Directions for this task:
How do the records below read from their first line through the line containing "is_cap D \<and>"? Write those lines out exactly.

Items from a data source
------------------------------------------------------------------------

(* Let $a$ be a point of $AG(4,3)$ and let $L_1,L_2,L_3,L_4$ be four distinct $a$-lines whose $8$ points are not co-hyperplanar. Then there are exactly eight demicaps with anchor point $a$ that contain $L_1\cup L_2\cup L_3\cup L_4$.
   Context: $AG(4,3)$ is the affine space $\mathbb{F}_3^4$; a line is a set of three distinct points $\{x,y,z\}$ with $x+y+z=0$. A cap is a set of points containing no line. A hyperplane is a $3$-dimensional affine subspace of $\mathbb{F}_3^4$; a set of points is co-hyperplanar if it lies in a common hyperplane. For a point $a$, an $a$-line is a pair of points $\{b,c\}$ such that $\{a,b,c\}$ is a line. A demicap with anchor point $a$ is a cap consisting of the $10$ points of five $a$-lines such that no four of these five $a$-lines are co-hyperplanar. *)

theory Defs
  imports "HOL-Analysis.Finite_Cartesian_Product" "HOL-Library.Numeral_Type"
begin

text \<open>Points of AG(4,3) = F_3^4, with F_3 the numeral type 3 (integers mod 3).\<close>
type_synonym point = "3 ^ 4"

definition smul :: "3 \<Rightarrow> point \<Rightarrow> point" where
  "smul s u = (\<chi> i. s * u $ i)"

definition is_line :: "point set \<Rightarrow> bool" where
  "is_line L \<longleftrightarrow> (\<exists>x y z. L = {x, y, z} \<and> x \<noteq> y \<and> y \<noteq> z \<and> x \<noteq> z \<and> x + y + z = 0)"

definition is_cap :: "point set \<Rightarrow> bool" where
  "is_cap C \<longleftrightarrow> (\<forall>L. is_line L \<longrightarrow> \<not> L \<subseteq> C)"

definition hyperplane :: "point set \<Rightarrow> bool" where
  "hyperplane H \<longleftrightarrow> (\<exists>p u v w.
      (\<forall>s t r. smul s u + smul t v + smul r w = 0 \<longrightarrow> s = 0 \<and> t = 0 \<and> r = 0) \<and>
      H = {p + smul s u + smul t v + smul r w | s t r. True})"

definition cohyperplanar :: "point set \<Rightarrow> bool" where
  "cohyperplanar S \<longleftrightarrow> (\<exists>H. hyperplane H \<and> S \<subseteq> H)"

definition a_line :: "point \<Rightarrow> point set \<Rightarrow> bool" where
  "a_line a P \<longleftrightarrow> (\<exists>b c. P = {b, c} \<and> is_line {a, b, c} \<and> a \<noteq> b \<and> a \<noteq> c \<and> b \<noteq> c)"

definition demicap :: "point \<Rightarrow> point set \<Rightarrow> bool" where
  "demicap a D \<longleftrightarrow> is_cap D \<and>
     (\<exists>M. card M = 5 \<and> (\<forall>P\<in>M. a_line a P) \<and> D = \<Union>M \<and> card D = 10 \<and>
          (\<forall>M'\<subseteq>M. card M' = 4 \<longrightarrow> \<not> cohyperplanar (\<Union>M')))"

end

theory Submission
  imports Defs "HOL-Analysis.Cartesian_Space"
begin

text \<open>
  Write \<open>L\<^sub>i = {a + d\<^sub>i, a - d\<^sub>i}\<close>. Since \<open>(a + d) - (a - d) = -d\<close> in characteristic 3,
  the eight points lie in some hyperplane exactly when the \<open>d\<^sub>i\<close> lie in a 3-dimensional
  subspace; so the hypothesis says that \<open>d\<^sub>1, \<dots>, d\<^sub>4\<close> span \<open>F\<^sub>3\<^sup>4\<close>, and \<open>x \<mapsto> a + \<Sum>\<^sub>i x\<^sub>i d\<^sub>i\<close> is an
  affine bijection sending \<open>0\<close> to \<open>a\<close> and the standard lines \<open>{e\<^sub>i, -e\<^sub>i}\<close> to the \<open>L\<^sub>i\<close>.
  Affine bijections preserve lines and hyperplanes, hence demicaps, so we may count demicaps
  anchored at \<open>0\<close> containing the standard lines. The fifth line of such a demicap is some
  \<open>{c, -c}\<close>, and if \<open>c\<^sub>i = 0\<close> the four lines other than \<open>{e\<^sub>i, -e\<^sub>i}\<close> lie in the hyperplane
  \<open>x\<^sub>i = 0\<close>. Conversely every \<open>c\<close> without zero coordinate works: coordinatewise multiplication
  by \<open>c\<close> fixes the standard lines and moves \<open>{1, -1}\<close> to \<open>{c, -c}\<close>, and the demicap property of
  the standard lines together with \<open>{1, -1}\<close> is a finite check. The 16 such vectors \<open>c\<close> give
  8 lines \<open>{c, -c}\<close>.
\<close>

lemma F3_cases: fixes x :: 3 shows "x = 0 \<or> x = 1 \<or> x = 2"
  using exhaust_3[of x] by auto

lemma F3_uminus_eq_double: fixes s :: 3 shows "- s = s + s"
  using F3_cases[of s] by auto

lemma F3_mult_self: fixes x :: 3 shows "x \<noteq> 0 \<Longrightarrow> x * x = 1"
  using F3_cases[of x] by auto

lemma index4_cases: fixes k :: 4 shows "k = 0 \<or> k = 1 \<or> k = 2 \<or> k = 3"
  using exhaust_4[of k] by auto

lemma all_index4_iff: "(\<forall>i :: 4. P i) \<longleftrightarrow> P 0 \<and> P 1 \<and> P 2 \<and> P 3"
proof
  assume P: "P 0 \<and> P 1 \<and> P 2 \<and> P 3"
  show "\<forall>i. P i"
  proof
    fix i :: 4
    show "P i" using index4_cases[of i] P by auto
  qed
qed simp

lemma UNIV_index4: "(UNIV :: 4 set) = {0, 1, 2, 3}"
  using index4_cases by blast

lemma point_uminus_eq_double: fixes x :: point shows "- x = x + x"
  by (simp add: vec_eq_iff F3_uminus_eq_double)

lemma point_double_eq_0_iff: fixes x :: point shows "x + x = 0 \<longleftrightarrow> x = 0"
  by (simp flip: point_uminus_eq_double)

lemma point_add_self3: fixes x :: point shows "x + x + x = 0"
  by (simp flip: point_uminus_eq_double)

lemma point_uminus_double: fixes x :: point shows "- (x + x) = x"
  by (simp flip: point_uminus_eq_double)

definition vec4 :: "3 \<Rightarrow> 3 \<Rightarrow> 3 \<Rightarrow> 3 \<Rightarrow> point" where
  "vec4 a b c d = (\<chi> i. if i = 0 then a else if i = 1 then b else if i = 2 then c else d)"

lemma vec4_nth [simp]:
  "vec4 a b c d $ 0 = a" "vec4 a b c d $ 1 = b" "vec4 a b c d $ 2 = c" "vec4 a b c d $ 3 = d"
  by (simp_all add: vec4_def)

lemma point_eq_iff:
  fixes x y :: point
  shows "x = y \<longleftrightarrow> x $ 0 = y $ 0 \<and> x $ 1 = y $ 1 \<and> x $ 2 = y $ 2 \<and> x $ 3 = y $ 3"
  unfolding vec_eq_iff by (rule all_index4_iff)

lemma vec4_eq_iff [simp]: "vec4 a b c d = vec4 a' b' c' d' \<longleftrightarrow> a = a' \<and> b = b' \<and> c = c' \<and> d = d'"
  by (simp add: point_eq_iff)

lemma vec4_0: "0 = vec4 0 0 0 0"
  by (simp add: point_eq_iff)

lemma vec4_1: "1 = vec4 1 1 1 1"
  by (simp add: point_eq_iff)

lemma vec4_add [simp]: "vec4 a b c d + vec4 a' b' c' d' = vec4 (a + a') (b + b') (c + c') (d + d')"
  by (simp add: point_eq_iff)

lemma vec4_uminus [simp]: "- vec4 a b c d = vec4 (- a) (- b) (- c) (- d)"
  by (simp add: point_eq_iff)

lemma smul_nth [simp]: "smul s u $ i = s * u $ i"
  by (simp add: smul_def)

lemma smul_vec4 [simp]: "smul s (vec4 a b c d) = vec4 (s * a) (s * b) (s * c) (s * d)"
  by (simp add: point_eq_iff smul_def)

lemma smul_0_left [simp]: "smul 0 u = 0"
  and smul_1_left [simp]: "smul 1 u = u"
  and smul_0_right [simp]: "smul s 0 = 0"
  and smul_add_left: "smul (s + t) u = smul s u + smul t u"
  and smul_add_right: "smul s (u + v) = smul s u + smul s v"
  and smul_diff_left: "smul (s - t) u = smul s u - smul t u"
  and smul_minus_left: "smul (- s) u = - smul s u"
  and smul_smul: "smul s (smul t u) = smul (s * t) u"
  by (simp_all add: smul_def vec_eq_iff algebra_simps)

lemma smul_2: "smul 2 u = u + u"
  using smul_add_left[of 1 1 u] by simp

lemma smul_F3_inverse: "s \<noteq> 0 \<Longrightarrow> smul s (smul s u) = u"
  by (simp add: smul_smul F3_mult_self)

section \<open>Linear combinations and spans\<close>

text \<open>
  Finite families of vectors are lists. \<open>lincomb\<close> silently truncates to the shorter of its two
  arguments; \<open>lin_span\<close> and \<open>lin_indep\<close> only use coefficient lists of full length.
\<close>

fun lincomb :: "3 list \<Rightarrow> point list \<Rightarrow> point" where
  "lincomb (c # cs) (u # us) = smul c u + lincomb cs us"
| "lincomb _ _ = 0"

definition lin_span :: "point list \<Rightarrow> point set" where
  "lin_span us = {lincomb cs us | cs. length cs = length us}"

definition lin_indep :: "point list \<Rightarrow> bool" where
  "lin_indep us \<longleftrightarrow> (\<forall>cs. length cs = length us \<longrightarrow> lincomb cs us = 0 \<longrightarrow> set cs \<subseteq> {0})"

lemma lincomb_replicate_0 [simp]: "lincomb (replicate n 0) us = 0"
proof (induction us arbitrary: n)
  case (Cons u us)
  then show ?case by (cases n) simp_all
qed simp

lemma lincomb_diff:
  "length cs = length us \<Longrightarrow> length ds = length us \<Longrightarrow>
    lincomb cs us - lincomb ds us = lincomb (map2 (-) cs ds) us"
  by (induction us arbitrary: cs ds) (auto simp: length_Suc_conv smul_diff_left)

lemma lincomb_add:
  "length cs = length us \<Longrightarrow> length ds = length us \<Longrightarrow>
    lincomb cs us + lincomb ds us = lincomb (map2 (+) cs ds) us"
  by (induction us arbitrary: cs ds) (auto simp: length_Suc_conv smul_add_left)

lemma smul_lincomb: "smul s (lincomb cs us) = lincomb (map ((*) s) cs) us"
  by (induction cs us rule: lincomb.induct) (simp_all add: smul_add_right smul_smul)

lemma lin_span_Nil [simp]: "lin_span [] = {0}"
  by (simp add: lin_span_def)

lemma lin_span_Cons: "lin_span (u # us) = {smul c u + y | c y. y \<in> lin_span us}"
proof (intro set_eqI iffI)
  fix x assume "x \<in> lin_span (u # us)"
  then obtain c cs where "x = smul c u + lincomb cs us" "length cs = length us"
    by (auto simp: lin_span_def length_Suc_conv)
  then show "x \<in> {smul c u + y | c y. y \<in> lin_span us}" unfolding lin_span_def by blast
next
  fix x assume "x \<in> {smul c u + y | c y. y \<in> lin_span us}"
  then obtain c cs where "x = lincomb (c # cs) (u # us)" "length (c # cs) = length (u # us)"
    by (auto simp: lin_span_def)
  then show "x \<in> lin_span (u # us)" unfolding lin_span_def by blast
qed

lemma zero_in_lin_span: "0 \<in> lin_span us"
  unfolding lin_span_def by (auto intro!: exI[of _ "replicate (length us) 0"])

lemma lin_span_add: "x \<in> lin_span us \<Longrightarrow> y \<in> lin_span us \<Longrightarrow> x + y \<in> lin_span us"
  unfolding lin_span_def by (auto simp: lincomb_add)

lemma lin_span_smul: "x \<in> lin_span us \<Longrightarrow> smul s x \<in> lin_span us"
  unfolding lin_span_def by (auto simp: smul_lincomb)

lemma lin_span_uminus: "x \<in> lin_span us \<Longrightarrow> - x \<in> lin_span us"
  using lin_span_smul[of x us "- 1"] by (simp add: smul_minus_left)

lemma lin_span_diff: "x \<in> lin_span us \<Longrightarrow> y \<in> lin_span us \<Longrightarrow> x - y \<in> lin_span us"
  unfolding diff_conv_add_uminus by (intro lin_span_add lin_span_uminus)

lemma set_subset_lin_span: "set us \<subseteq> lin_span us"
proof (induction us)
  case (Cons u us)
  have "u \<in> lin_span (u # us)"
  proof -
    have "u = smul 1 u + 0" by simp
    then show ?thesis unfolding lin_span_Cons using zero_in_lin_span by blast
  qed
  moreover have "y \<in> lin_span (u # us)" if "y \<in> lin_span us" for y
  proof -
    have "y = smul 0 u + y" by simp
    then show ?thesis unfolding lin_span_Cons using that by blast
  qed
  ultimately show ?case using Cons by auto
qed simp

------------------------------------------------------------------------

Solution:
(* Let $a$ be a point of $AG(4,3)$ and let $L_1,L_2,L_3,L_4$ be four distinct $a$-lines whose $8$ points are not co-hyperplanar. Then there are exactly eight demicaps with anchor point $a$ that contain $L_1\cup L_2\cup L_3\cup L_4$.
   Context: $AG(4,3)$ is the affine space $\mathbb{F}_3^4$; a line is a set of three distinct points $\{x,y,z\}$ with $x+y+z=0$. A cap is a set of points containing no line. A hyperplane is a $3$-dimensional affine subspace of $\mathbb{F}_3^4$; a set of points is co-hyperplanar if it lies in a common hyperplane. For a point $a$, an $a$-line is a pair of points $\{b,c\}$ such that $\{a,b,c\}$ is a line. A demicap with anchor point $a$ is a cap consisting of the $10$ points of five $a$-lines such that no four of these five $a$-lines are co-hyperplanar. *)

theory Defs
  imports "HOL-Analysis.Finite_Cartesian_Product" "HOL-Library.Numeral_Type"
begin

text \<open>Points of AG(4,3) = F_3^4, with F_3 the numeral type 3 (integers mod 3).\<close>
type_synonym point = "3 ^ 4"

definition smul :: "3 \<Rightarrow> point \<Rightarrow> point" where
  "smul s u = (\<chi> i. s * u $ i)"

definition is_line :: "point set \<Rightarrow> bool" where
  "is_line L \<longleftrightarrow> (\<exists>x y z. L = {x, y, z} \<and> x \<noteq> y \<and> y \<noteq> z \<and> x \<noteq> z \<and> x + y + z = 0)"

definition is_cap :: "point set \<Rightarrow> bool" where
  "is_cap C \<longleftrightarrow> (\<forall>L. is_line L \<longrightarrow> \<not> L \<subseteq> C)"

definition hyperplane :: "point set \<Rightarrow> bool" where
  "hyperplane H \<longleftrightarrow> (\<exists>p u v w.
      (\<forall>s t r. smul s u + smul t v + smul r w = 0 \<longrightarrow> s = 0 \<and> t = 0 \<and> r = 0) \<and>
      H = {p + smul s u + smul t v + smul r w | s t r. True})"

definition cohyperplanar :: "point set \<Rightarrow> bool" where
  "cohyperplanar S \<longleftrightarrow> (\<exists>H. hyperplane H \<and> S \<subseteq> H)"

definition a_line :: "point \<Rightarrow> point set \<Rightarrow> bool" where
  "a_line a P \<longleftrightarrow> (\<exists>b c. P = {b, c} \<and> is_line {a, b, c} \<and> a \<noteq> b \<and> a \<noteq> c \<and> b \<noteq> c)"

definition demicap :: "point \<Rightarrow> point set \<Rightarrow> bool" where
  "demicap a D \<longleftrightarrow> is_cap D \<and>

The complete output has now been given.